Le 30 avril, le pape nomme pro-secrétaire d'État Mgr Agostino Casaroli (qui deviendra automatiquement secrétaire d'État dès qu'il sera fait cardinal). La nomination de ce prélat de 65 ans, qui depuis 1963 sillonne inlassablement les pays de l'Est en vue d'y chercher un modus vivendi entre l'Église et les États communistes, est interprétée comme l'indice d'une volonté de continuité. Elle est d'autant plus remarquée que l'action diplomatique de Mgr Casaroli avait été parfois contestée par les évêques polonais, et surtout le premier d'entre eux, Mgr Stefan Wyszynski. On note aussi qu'elle correspond à un souci d'équilibre : à pape non italien, secrétaire d'État italien.
S'il succède ainsi au cardinal Villot, Mgr Casaroli n'en assumera pas toutes les fonctions. En effet, le même jour, Mgr Giuseppe Caprio, jusque-là substitut à la secrétairerie d'État, est nommé pro-président (en attendant l'accession au cardinalat) de l'administration du patrimoine du Saint-Siège. Ce ministère des Finances était auparavant confié au secrétaire d'État. Il y a donc un certain éclatement des tâches de celui-ci. De même, le cardinal Paolo Bertoli, ancien nonce à Paris, est nommé camerlingue, fonction également tenue par Mgr Villot. Toutes ces nominations, et quelques autres qui les complètent, sont bien accueillies.
Enfin, à la fin de mai, à la veille de son voyage en Pologne, Jean-Paul II annonce qu'il créera les 15 premiers cardinaux de son pontificat lors d'un consistoire prévu pour le 30 juin. Quatorze noms sont publiés, celui du quinzième étant réservé par le pape in petto (dans son cœur) suivant une très ancienne tradition — certains pensent, sans pouvoir évidemment l'affirmer, qu'il s'agit d'un évêque lituanien, donc citoyen soviétique, Mgr Steponavicius, 68 ans, empêché d'exercer ses fonctions depuis 1962. Parmi les autres, on compte six Italiens (dont Mgr Casaroli et Mgr Caprio), deux Polonais, un Irlandais, un Français (Mgr Roger Etchegaray, archevêque de Marseille), deux Asiatiques, un Canadien et un Mexicain.
Voyage en Pologne
La grande affaire de ce printemps est évidemment le voyage en Pologne. Le pape en avait formé le projet dès le soir de son élection. Mais de longues négociations avec le gouvernement polonais avaient été nécessaires avant que soit trouvé un accord sur la date et les modalités. Finalement Jean-Paul II commence son voyage par Varsovie le 2 juin et le termine symboliquement par Cracovie — la ville dont il était archevêque — le 10. Entre-temps, il se sera rendu notamment à Auschwitz.

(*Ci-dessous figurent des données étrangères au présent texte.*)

theorem lemma3p14:
  fixes n k m i a b x y :: nat and u w :: "nat \<Rightarrow> nat" and vs :: "(nat \<Rightarrow> nat) list"
  assumes "1 \<le> k" and "k \<le> n - 1"
    and "w \<in> Sdown n k"
    and "inc_kchain n k vs" and "hd vs = u" and "last vs = w"
    and "Suc m < length vs"
    and "kstep n k (vs ! m) (vs ! Suc m) x y"
    and "{a, b} = {x, y}" and "a < b"
    and "1 \<le> i" and "i \<le> n" and "(vs ! Suc m) i = b"
  shows "b \<notin> u ` {1..k}
    \<and> (\<forall>c. a < c \<and> c < b \<longrightarrow> inv u c < i)
    \<and> (\<forall>c. a < c \<and> c < b \<longrightarrow>
           (\<forall>m' x' y'. Suc m' < length vs \<and> kstep n k (vs ! m') (vs ! Suc m') x' y'
              \<longrightarrow> c \<noteq> x' \<and> c \<noteq> y'))"
proof -
  note m = \<open>Suc m < length vs\<close>
  obtain P Q where chain: "increasing_exchange_chain n k (length vs) ((!) vs) P Q"
    and exchanged: "\<And>t x y. Suc t < length vs \<Longrightarrow> kstep n k (vs ! t) (vs ! Suc t) x y
      \<Longrightarrow> x = (vs ! t) (P t) \<and> y = (vs ! t) (Q t)"
    using inc_kchain_exchange_positions[OF assms(4)] assms(3,6) by blast
  interpret increasing_exchange_chain n k "length vs" "(!) vs" P Q
    by (rule chain)
  have u: "u = vs ! 0"
    using assms(5) m by (metis hd_conv_nth list.size(3) not_less_zero)
  have ab: "a = (vs ! m) (P m)" "b = (vs ! m) (Q m)"
    using exchanged[OF m assms(8)] assms(9,10) ascent[OF m] by (auto simp: doubleton_eq_iff)
  have i: "i = P m"
    using assms(13) ab V_Suc_P[OF m] V_eq_iff[of "Suc m" i "P m"] m by simp
  have "b \<notin> u ` {1..k}"
  proof
    assume "b \<in> u ` {1..k}"
    then obtain r where "r \<le> k" "(vs ! 0) r = (vs ! m) (Q m)"
      unfolding u ab by auto
    with large_value_not_initially_top[OF m] show False by blast
  qed
  moreover have "inv u c < i" if c: "a < c" "c < b" for c
  proof -
    obtain s where "s < P m" "\<And>t. t \<le> m \<Longrightarrow> (vs ! t) s = c"
      using between_value_position[OF m] c unfolding ab by blast
    then have "s < i" "u s = c"
      unfolding i u by auto
    then show ?thesis
      using inv_f_eq[OF permutes_inj[OF permutes]] u m by fastforce
  qed
  moreover have "c \<noteq> x' \<and> c \<noteq> y'"
    if "a < c" "c < b" "Suc m' < length vs" "kstep n k (vs ! m') (vs ! Suc m') x' y'" for c m' x' y'
    using between_value_never_exchanged[OF m that(3)] exchanged[OF that(3,4)] that(1,2) ab by auto
  ultimately show ?thesis by blast
qed

end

Le retentissement de ce périple est énorme dans les pays occidentaux. En revanche, la presse des pays socialistes mentionne à peine son existence. C'est que ce premier voyage d'un pape en pays communiste pose de sérieux problèmes au bloc soviétique. Au gouvernement polonais d'abord, qui craint chaque jour d'être débordé par les mouvements de foule — sur ce point il sera rassuré : si les catholiques polonais démontrent de façon impressionnante leur force, ils manifestent aussi leur discipline. Jean-Paul II, lui, revendique les droits de l'Église, mais s'abstient de tenir des propos qui puissent mettre le gouvernement dans l'embarras. À Moscou, on craint aussi un déferlement de nationalisme polonais. La fierté nationale se donnera effectivement libre cours, mais pas de manière trop agressive à l'égard de l'URSS. Et le pape, s'il fait allusion un jour à la passivité des troupes soviétiques lors de l'écrasement par les Allemands de l'insurrection de Varsovie en 1944, rend un autre jour, à Auschwitz, hommage au peuple russe pour sa lutte contre l'Allemagne hitlérienne.
Cependant, ses propos sur les droits de l'homme et les droits des nations, sans cesse réaffirmés, ne peuvent qu'irriter les dirigeants de Moscou. Il faut souligner par ailleurs l'insistance avec laquelle il se présente comme « le pape slave », laissant entendre que le christianisme slave, épuré par l'épreuve, pourrait avoir pour mission de régénérer partout les valeurs spirituelles. Un thème qui est cher à certains dissidents soviétiques.